Table 9 Fault diagnosis results obtained after running 10 times of different methods

It can be seen in Table 8 and Figs. 10, 11 that for the group 1 and group 2 data, the classification accuracy of the SVM method is only 87%, which is approximately 6% lower than the classification accuracy under constant working conditions. This shows that the machine learning method that is similar to SVM has a poor fault classification effect under changing working conditions. The classification accuracy of the CNN method is only reduced by approximately 0.9% compared with the classification accuracy under constant working conditions. The classification accuracy of the deep CNN method is only reduced by approximately 0.8% compared with the classification accuracy under constant working conditions. Its reduction is smaller than that of the CNN method. For both the CNN and deep CNN models, the accuracy of fault classification under changing conditions is still very high. Their accuracies can reach more than 97%. This shows that deep learning methods can adapt to data changes very well. This is due to the great generalization ability of deep learning. The method in this paper still has the highest classification accuracy of all methods, and its accuracy is 99.9%. This shows that the classification accuracy of the method proposed in this paper is lower than the classification accuracy of deep learning methods, such as the CNN and deep CNN methods, under changing conditions. This objectively verifies that the method proposed in this paper is more adaptable to the signal characteristics of rolling bearings than other deep learning methods. This proves that the proposed method not only has good classification accuracy but also has better adaptability and robustness. The main reasons why the method in this paper has such a good classification effect are as follows. First, the method in this paper is proposed to identify the signal characteristics of rolling bearings. Second, this paper solves the problem of single fault signal feature extraction and the problem of multi-scale information extraction of compound fault signals.

Fig. 11
figure 11

The fault classification results obtained after running different methods 10 times (Group 2)

5 Conclusion

Aiming at the difficulty of extracting features and scale information of composite fault signals of existing rolling bearings, this paper proposes a new overlapping group sparse model, which can effectively extract the single feature extraction problem of the composite fault signal of rolling bearings. Additionally, to better extract the scale information of the composite fault signals of rolling bearings, this paper proposes a new deep complex convolutional neural model. The plural form in the model not only has richer characterization ability but also helps to extract different time scale information of rolling bearing composite fault signals. It also helps to remember the fault information. This paper proposes a method for composite fault diagnosis of rolling bearings, that is, a fault diagnosis algorithm for rolling bearings based on an overlapping group sparse model-deep complex CNN.

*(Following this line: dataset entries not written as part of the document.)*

lemma symmetric_matrix_entry: "transpose M = M \<Longrightarrow> M$j$i = M$i$j"
  unfolding transpose_def vec_eq_iff by simp

lemma rot_x_invariant_imp_first_row:
  assumes inv: "rot_x_invariant M t" and "cos t \<noteq> 1"
  shows "M$1$2 = 0 \<and> M$1$3 = 0"
proof (rule plane_rotation_fixed_point)
  show "M$1$2 * cos t + M$1$3 * sin t = M$1$2"
    using inv[unfolded rot_x_invariant_def, rule_format, of "vector [1,0,0]" "vector [0,1,0]"]
    by (simp add: inner_matrix_vector_mult_eq_sum sum_3 rot_x_def)
  show "M$1$3 * cos t - M$1$2 * sin t = M$1$3"
    using inv[unfolded rot_x_invariant_def, rule_format, of "vector [1,0,0]" "vector [0,0,1]"]
    by (simp add: inner_matrix_vector_mult_eq_sum sum_3 rot_x_def)
qed (fact \<open>cos t \<noteq> 1\<close>)

lemma rot_x_invariant_imp_isotropic:
  assumes sym: "transpose M = M" and inv: "rot_x_invariant M t" and "sin t \<noteq> 0"
  shows "M$2$3 = 0 \<and> M$2$2 = M$3$3"
proof -
  define c s where "c = cos t" and "s = sin t"
  have "M$3$2 = M$2$3" by (rule symmetric_matrix_entry[OF sym])
  then have "M$2$2 * c^2 + 2 * M$2$3 * s * c + M$3$3 * s^2 = M$2$2"
        and "(M$3$3 - M$2$2) * s * c + M$2$3 * (c^2 - s^2) = M$2$3"
    using inv[unfolded rot_x_invariant_def, rule_format, of "vector [0,1,0]" "vector [0,1,0]"]
      inv[unfolded rot_x_invariant_def, rule_format, of "vector [0,1,0]" "vector [0,0,1]"]
    by (simp_all add: inner_matrix_vector_mult_eq_sum sum_3 rot_x_def c_def[symmetric] s_def[symmetric]
        power2_eq_square algebra_simps)
  moreover have "c^2 + s^2 = 1" by (simp add: c_def s_def)
  ultimately show ?thesis
    using plane_rotation_invariant_quadratic_form \<open>sin t \<noteq> 0\<close> s_def by blast
qed

lemma rot_x_invariant_if_first_row:
  assumes sym: "transpose M = M" and "M$1$2 = 0" "M$1$3 = 0" and "sin t = 0"
  shows "rot_x_invariant M t"
  unfolding rot_x_invariant_def
proof (intro allI)
  fix x y :: "real^3"
  define c where "c = cos t"
  have "M$2$1 = 0" "M$3$1 = 0" using symmetric_matrix_entry[OF sym] assms(2,3) by metis+
  have "c * c = 1"
    using sin_cos_squared_add[of t] \<open>sin t = 0\<close> by (simp add: c_def power2_eq_square)
  have "rot_x t x \<bullet> (M *v rot_x t y) = x$1 * M$1$1 * y$1
      + (c * c) * (x$2 * M$2$2 * y$2 + x$2 * M$2$3 * y$3 + x$3 * M$3$2 * y$2 + x$3 * M$3$3 * y$3)"
    using assms(2-4) \<open>M$2$1 = 0\<close> \<open>M$3$1 = 0\<close>
    by (simp add: rot_x_def c_def[symmetric] inner_matrix_vector_mult_eq_sum sum_3 algebra_simps)
  also have "\<dots> = x \<bullet> (M *v y)"
    using assms(2,3) \<open>M$2$1 = 0\<close> \<open>M$3$1 = 0\<close> \<open>c * c = 1\<close>
    by (simp add: inner_matrix_vector_mult_eq_sum sum_3)
  finally show "rot_x t x \<bullet> (M *v rot_x t y) = x \<bullet> (M *v y)" .
qed

lemma rot_x_invariant_if_isotropic:
  assumes sym: "transpose M = M" and "M$1$2 = 0" "M$1$3 = 0" "M$2$3 = 0" "M$2$2 = M$3$3"
  shows "rot_x_invariant M t"
  unfolding rot_x_invariant_def
proof (intro allI)
  fix x y :: "real^3"
  define c s where "c = cos t" and "s = sin t"
  have "M$2$1 = 0" "M$3$1 = 0" "M$3$2 = 0"
    using symmetric_matrix_entry[OF sym] assms(2-4) by metis+
  have "c * c + s * s = 1"
    using sin_cos_squared_add[of t] by (simp add: c_def s_def power2_eq_square)
  have "rot_x t x \<bullet> (M *v rot_x t y) = x$1 * M$1$1 * y$1
      + (c * c + s * s) * M$3$3 * (x$2 * y$2 + x$3 * y$3)"
    using assms(2-5) \<open>M$2$1 = 0\<close> \<open>M$3$1 = 0\<close> \<open>M$3$2 = 0\<close>
    by (simp add: rot_x_def c_def[symmetric] s_def[symmetric] inner_matrix_vector_mult_eq_sum sum_3
        algebra_simps)
  also have "\<dots> = x \<bullet> (M *v y)"
    using assms(2-5) \<open>M$2$1 = 0\<close> \<open>M$3$1 = 0\<close> \<open>M$3$2 = 0\<close> \<open>c * c + s * s = 1\<close>
    by (simp add: inner_matrix_vector_mult_eq_sum sum_3 algebra_simps)
  finally show "rot_x t x \<bullet> (M *v rot_x t y) = x \<bullet> (M *v y)" .
qed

The related bearing data experiments show that the method proposed in this paper can accurately identify all faults under constant working conditions. It not only greatly improves the recognition accuracy compared with the SVM method but also improves the recognition accuracy to a certain extent compared with other deep learning methods. This directly verifies the effectiveness of the fault diagnosis method proposed in this article. Under changing conditions, the fault classification accuracy obtained by the method proposed in this paper is the highest. The classification accuracies of the method proposed in this paper, SVM, and other deep learning methods under changing working conditions, which are 0.8%, 6%, and 2%, respectively, are lower than the classification accuracies under constant working conditions. It can be seen that the accuracy of the method proposed in this article decreases the least. This further verifies that the method proposed in this paper can adapt to different working conditions for the diagnosis and identification of rolling bearing fault signals.